Who’s buying art today? Somebody! New York dealer Richard L. Feigen sold his J.M.W. Turner painting of Arcadian Greece, Temple of Jupiter Panellenius Restored (1814-16), for $12,962,500 (with premium) at Sotheby’s New York on Jan. 29, 2009. The "six-foot-wide painting of toga-clad revelers," as Bloomberg News so felicitously put it, went to an anonymous phone bidder. The hammer price -- $11,500,000 -- came in just under the low presale estimate of $12 million-$16 million.
The picture had been included in the huge Turner survey that was seen in three U.S. museums in 2007-08, the Metropolitan Museum of Art, the National Gallery of Art in Washington, D.C., and the Dallas Museum of Art -- a fairly prestigious presale tour for a work going on the auction block. The 78-year-old Feigen, who sold the painting for estate planning purposes, bought the work in 1982 at Christie’s London for £648,000, or about $1.1 million. That’s an increase of 1,000 percent in 25 years. Is that good?
Old Masters in New York
Sotheby’s Old Master sales totaled $63.9 million, more than 20 percent below its presale low estimate, with 158 of 289 lots finding buyers, or under 55 percent. Prices given here include the buyers premium: 25 percent of the first $50,000, 20 percent of the total between $50,000 and 41 million, and 12 percent of the rest.
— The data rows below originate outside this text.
lemma inscribed_nondegenerate_cross_inner_nonzero:
  assumes nd: "nondegenerate P1 P2 P3 l1 l2 l3" and ins: "inscribed P1 P2 P3 l1 l2 l3"
  shows "(P1 \<times> P2) \<bullet> (l2 \<times> l3) \<noteq> 0"
proof
  assume "(P1 \<times> P2) \<bullet> (l2 \<times> l3) = 0"
  moreover have "(P1 \<times> P2) \<bullet> (l1 \<times> l2) = 0"
    using ins unfolding inscribed_def on_line_def meet_def join_def by simp
  moreover have "l1 \<bullet> (l2 \<times> l3) \<noteq> 0"
    using nd unfolding nondegenerate_iff by simp
  ultimately obtain t where t: "P1 \<times> P2 = t *\<^sub>R l2"
    using parallel_if_orthogonal_crosses by blast
  then have "t * (l2 \<bullet> P1) = 0"
    by (metis inner_cross_self_left inner_scaleR_left)
  then have "P1 \<times> P2 = 0"
    using t inscribed_nondegenerate_inner_nonzero(2)[OF nd ins] by simp
  then have "P1 \<bullet> (P2 \<times> P3) = 0"
    by (metis cross_triple inner_commute inner_zero_left)
  with nd show False
    unfolding nondegenerate_iff by simp
qed

lemma horizontal_line_iff:
  "horizontal_line (A, b) (A', b') \<longleftrightarrow>
     (A, b) \<noteq> (A', b') \<and> b \<bullet> A = 1 \<and> b \<bullet> A' = 1 \<and> b' = b + A \<times> A'"
proof
  assume "horizontal_line (A, b) (A', b')"
  then have ne: "(A, b) \<noteq> (A', b')" and "inQ A b" and "in_distrib A b (A' - A) (b' - b)"
    unfolding horizontal_line_def by (auto dest: spec[of _ 0])
  then have bA: "b \<bullet> A = 1" and db: "b' - b = A \<times> A'" and "(b' - b) \<bullet> A + b \<bullet> (A' - A) = 0"
    by (auto simp: in_distrib_def inQ_def Cross3.right_diff_distrib)
  then have "b \<bullet> A' = b \<bullet> A"
    by (simp add: inner_diff_right)
  with ne bA db show "(A, b) \<noteq> (A', b') \<and> b \<bullet> A = 1 \<and> b \<bullet> A' = 1 \<and> b' = b + A \<times> A'"
    by (auto simp: algebra_simps)
next
  assume h: "(A, b) \<noteq> (A', b') \<and> b \<bullet> A = 1 \<and> b \<bullet> A' = 1 \<and> b' = b + A \<times> A'"
  have "(A + t *\<^sub>R (A' - A)) \<times> (A' - A) = A \<times> A'" for t
    by (simp add: cross_add_left cross_mult_left Cross3.right_diff_distrib
        Cross3.left_diff_distrib cross_skew[of A' A])
  moreover have "A \<noteq> A'"
    using h by auto
  ultimately show "horizontal_line (A, b) (A', b')"
    using h unfolding horizontal_line_def inQ_def in_distrib_def
    by (simp add: algebra_simps)
qed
In addition to the Turner, the top ten included Hendrick Ter Brugghen’s Bagpipe Player (1624) -- on view at the Wallraf-Richartz-Museum in Cologne since 1938, until it was restituted to the heirs of the original owner only last year -- which sold for a windfall $10,162,500, well above the presale high estimate of $6 million and a new record for the artist at auction.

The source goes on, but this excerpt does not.